Genus of flowering plants

Symplocos is a genus of flowering plants in the order Ericales, and is the only genus in family Symplocaceae. It comprises about 400 species distributed through tropical and subtropical Asia, Australia, the western Pacific and the Americas.

==Description==
Species in this family are shrubs or trees; they may be , or . Leaves are mostly spirally arranged and are simple with entire or toothed margins; stipules are absent, petioles present, venation pinnate.

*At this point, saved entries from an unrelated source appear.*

lemma prod_step_prob_eq_path_prob:
  "(\<Prod>k<length e - 1. P (fst (e ! k)) (snd (e ! k)) (fst (e ! Suc k)) * \<pi> (fst (e ! Suc k)) (snd (e ! Suc k)))
     = path_prob P \<pi> e"
proof (induction P \<pi> e rule: path_prob.induct)
  case (1 P \<pi> x y rest)
  have "length (x # y # rest) - 1 = Suc (length (y # rest) - 1)" by simp
  then show ?case using 1 by (simp only: prod.lessThan_Suc_shift) (simp add: step_prob_def)
qed auto

lemma ep_prob_eq_path_prob:
  "ep_prob p0 P \<pi> e = p0 (fst (e ! 0)) * \<pi> (fst (e ! 0)) (snd (e ! 0)) * path_prob P \<pi> e"
  unfolding ep_prob_def prod_step_prob_eq_path_prob ..

lemma path_prob_append:
  "h \<noteq> [] \<Longrightarrow> path_prob P \<pi> (h @ v) = path_prob P \<pi> h * path_prob P \<pi> (last h # v)"
  by (induction h rule: induct_list012) auto

lemma ep_prob_append:
  "h \<noteq> [] \<Longrightarrow> ep_prob p0 P \<pi> (h @ v) = ep_prob p0 P \<pi> h * path_prob P \<pi> (last h # v)"
  by (simp add: ep_prob_eq_path_prob path_prob_append nth_append)

lemma last_eq_nth: "length h = Suc t \<Longrightarrow> last h = h ! t"
  by (cases h rule: rev_cases) auto

lemma drop_eq_last: "length h = Suc t \<Longrightarrow> drop t h = [last h]"
  by (cases h rule: rev_cases) auto

lemma sum_lists_length_add:
  "(\<Sum>e\<in>{e. length e = n + m}. F e) = (\<Sum>h\<in>{h. length h = n}. \<Sum>v\<in>{v. length v = m}. F (h @ v))"
proof -
  have "(\<Sum>p\<in>{h. length h = n} \<times> {v. length v = m}. F (fst p @ snd p)) = (\<Sum>e\<in>{e. length e = n + m}. F e)"
    by (rule sum.reindex_bij_witness[where i="\<lambda>e. (take n e, drop n e)" and j="\<lambda>p. fst p @ snd p"]) auto
  then show ?thesis by (simp add: sum.cartesian_product split_def)
qed

lemma finite_lists_length: "finite {e :: ('x::finite) list. length e = n}"
  using finite_lists_length_eq[of "UNIV :: 'x set" n] by simp

lemma finite_episodes: "finite (episodes T :: ('s::finite \<times> 'a::finite) list set)"
  unfolding episodes_def by (rule finite_lists_length)

definition cont_sum ::
  "('s \<Rightarrow> 'a \<Rightarrow> 's \<Rightarrow> real) \<Rightarrow> ('s \<Rightarrow> 'a \<Rightarrow> real) \<Rightarrow> nat \<Rightarrow> (('s \<times> 'a) list \<Rightarrow> real) \<Rightarrow> 's \<times> 'a \<Rightarrow> real" where
  "cont_sum P \<pi> n f z = (\<Sum>v\<in>{v. length v = n}. path_prob P \<pi> (z # v) * f (z # v))"

lemma sum_episodes_split_at:
  fixes p0 :: "'s::finite \<Rightarrow> real" and P :: "'s \<Rightarrow> 'a::finite \<Rightarrow> 's \<Rightarrow> real"
  assumes "t \<le> T"
  shows "(\<Sum>e\<in>episodes T. ep_prob p0 P \<pi> e * (g (take (Suc t) e) * f (drop t e))) =
    (\<Sum>h\<in>{h. length h = Suc t}. ep_prob p0 P \<pi> h * g h * cont_sum P \<pi> (T - t) f (last h))"
proof -
  have "episodes T = {e :: ('s \<times> 'a) list. length e = Suc t + (T - t)}"
    using assms by (auto simp: episodes_def)
  then have "(\<Sum>e\<in>episodes T. ep_prob p0 P \<pi> e * (g (take (Suc t) e) * f (drop t e))) =
      (\<Sum>h\<in>{h. length h = Suc t}. \<Sum>v\<in>{v. length v = T - t}.
         ep_prob p0 P \<pi> (h @ v) * (g (take (Suc t) (h @ v)) * f (drop t (h @ v))))"
    by (simp only: sum_lists_length_add)
  also have "\<dots> = (\<Sum>h\<in>{h. length h = Suc t}. \<Sum>v\<in>{v. length v = T - t}.
         ep_prob p0 P \<pi> h * g h * (path_prob P \<pi> (last h # v) * f (last h # v)))"
  proof (intro sum.cong refl)
    fix h v :: "('s \<times> 'a) list" assume "h \<in> {h. length h = Suc t}"
    then have "length h = Suc t" "h \<noteq> []" by auto
    then show "ep_prob p0 P \<pi> (h @ v) * (g (take (Suc t) (h @ v)) * f (drop t (h @ v)))
      = ep_prob p0 P \<pi> h * g h * (path_prob P \<pi> (last h # v) * f (last h # v))"
      by (simp add: ep_prob_append drop_eq_last)
  qed
  finally show ?thesis by (simp only: cont_sum_def sum_distrib_left)
qed

lemma ev_prob_eq_indicator_sum:
  fixes p0 :: "'s::finite \<Rightarrow> real" and P :: "'s \<Rightarrow> 'a::finite \<Rightarrow> 's \<Rightarrow> real"
  shows "ev_prob p0 P \<pi> T A = (\<Sum>e\<in>episodes T. ep_prob p0 P \<pi> e * (of_bool (A e) * 1))"
  unfolding ev_prob_def sum.inter_filter[OF finite_episodes] by (intro sum.cong) auto

lemma cond_exp_eq_indicator_sums:
  fixes p0 :: "'s::finite \<Rightarrow> real" and P :: "'s \<Rightarrow> 'a::finite \<Rightarrow> 's \<Rightarrow> real"
  shows "cond_exp p0 P \<pi> T F A = (\<Sum>e\<in>episodes T. ep_prob p0 P \<pi> e * (of_bool (A e) * F e)) /
     (\<Sum>e\<in>episodes T. ep_prob p0 P \<pi> e * (of_bool (A e) * 1))"
  unfolding cond_exp_def ev_prob_def sum.inter_filter[OF finite_episodes]
  by (intro arg_cong2[where f="(/)"] sum.cong) auto

text \<open>Markov property: the conditional expectation depends on the event only through z.\<close>
lemma cond_exp_future_given_history:
  fixes p0 :: "'s::finite \<Rightarrow> real" and P :: "'s \<Rightarrow> 'a::finite \<Rightarrow> 's \<Rightarrow> real"
  assumes "t \<le> T" and fixes_z: "\<And>h. length h = Suc t \<Longrightarrow> G h \<Longrightarrow> h ! t = z"
    and pos: "ev_prob p0 P \<pi> T (\<lambda>e. G (take (Suc t) e)) \<noteq> 0"
  shows "cond_exp p0 P \<pi> T (\<lambda>e. f (drop t e)) (\<lambda>e. G (take (Suc t) e)) =
     cont_sum P \<pi> (T - t) f z / cont_sum P \<pi> (T - t) (\<lambda>_. 1) z"
proof -
  define S where "S = (\<Sum>h\<in>{h. length h = Suc t}. ep_prob p0 P \<pi> h * of_bool (G h))"
  have factor: "(\<Sum>e\<in>episodes T. ep_prob p0 P \<pi> e * (of_bool (G (take (Suc t) e)) * g (drop t e)))
      = S * cont_sum P \<pi> (T - t) g z" for g
  proof -
    have "ep_prob p0 P \<pi> h * of_bool (G h) * cont_sum P \<pi> (T - t) g (last h)
        = ep_prob p0 P \<pi> h * of_bool (G h) * cont_sum P \<pi> (T - t) g z" if "length h = Suc t" for h
      using that fixes_z[of h] last_eq_nth[of h] by (cases "G h") auto
    then show ?thesis
      unfolding sum_episodes_split_at[OF \<open>t \<le> T\<close>, of p0 P \<pi> "\<lambda>h. of_bool (G h)"] S_def sum_distrib_right
      by (intro sum.cong) auto
  qed
  have "S * cont_sum P \<pi> (T - t) (\<lambda>_. 1) z \<noteq> 0"
    using pos factor[of "\<lambda>_. 1"] by (simp add: ev_prob_eq_indicator_sum)
  moreover have "cond_exp p0 P \<pi> T (\<lambda>e. f (drop t e)) (\<lambda>e. G (take (Suc t) e)) =
      S * cont_sum P \<pi> (T - t) f z / (S * cont_sum P \<pi> (T - t) (\<lambda>_. 1) z)"
    by (simp only: cond_exp_eq_indicator_sums factor[of f] factor[of "\<lambda>_. 1"])
  ultimately show ?thesis by simp
qed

Inflorescences take various forms, mostly a raceme, spike, panicle, or a solitary flower. Fruits are single-seeded drupes, often blue.

==Distribution==
Symplocos is native to the following regions as defined in the World Geographical Scheme for Recording Plant Distributions:

- Indian Subcontinent: Assam, Bangladesh, East Himalaya, India, Nepal, Sri Lanka, West Himalaya
- China: China North-Central, China South-Central, China Southeast, Hainan, Inner Mongolia, Manchuria, Tibet
- Eastern Asia: Japan, Korea, Nansei-shoto, Ogasawara-shoto, Taiwan
- Indo-China: Andaman Is., Cambodia, Laos, Myanmar, Nicobar Is., Thailand, Vietnam
- Malesia: Borneo, Jawa, Lesser Sunda Is., Malaya, Maluku, Philippines, Sulawesi, Sumatera
- Papuasia: Bismarck Archipelago, New Guinea, Solomon Is.
- Australia: New South Wales, Norfolk Is., Queensland
- Northwestern Pacific: Caroline Is.
- Southwestern Pacific: Fiji, New Caledonia, Santa Cruz Is., Vanuatu
- Mexico: Mexico Central, Mexico Gulf, Mexico Northeast, Mexico Southeast, Mexico Southwest
- North-Central U.S.A.: Oklahoma
- South-Central U.S.A.: Texas
- Southeastern U.S.A.: Alabama, Arkansas, Delaware, Florida, Georgia, Louisiana, Maryland, Mississippi, North Carolina, South Carolina, Tennessee, Virginia
- Brazil: Brazil North, Brazil Northeast, Brazil South, Brazil Southeast, Brazil West-Central
- Caribbean: Cuba, Dominican Republic, Haiti, Jamaica, Leeward Is., Puerto Rico, Trinidad-Tobago, Venezuelan Antilles, Windward Is.,
- Central America: Belize, Costa Rica, El Salvador, Guatemala, Honduras, Nicaragua, Panamá
- Northern South America: French Guiana, Guyana, Suriname, Venezuela
- Southern South America: Argentina Northeast, Paraguay, Uruguay
- Western South America: Bolivia, Colombia, Ecuador, Peru

==Fossil record==
The oldest fossils of the genus date to the lower Eocene of Europe and North America, with the genus being present in Europe as late as the Pliocene. Fossil seeds of †Symplocos granulosa are frequent in sediment rock layers of the Late Oligocene to the Late Miocene of Denmark, Germany, Austria and Poland. The fossil seeds are very similar to the seeds of the extant southern Chinese species Symplocos glandulifera and Symplocos sulcata. Fossil seeds of †Symplocos paucicostata are known from the Middle Pliocene sediment rock layers in Reuver, the Netherlands, and from the Late Pliocene sediment rock layers in northern Italy. The fossil seeds are very similar to the seeds of the extant East Asian species Symplocos paniculata.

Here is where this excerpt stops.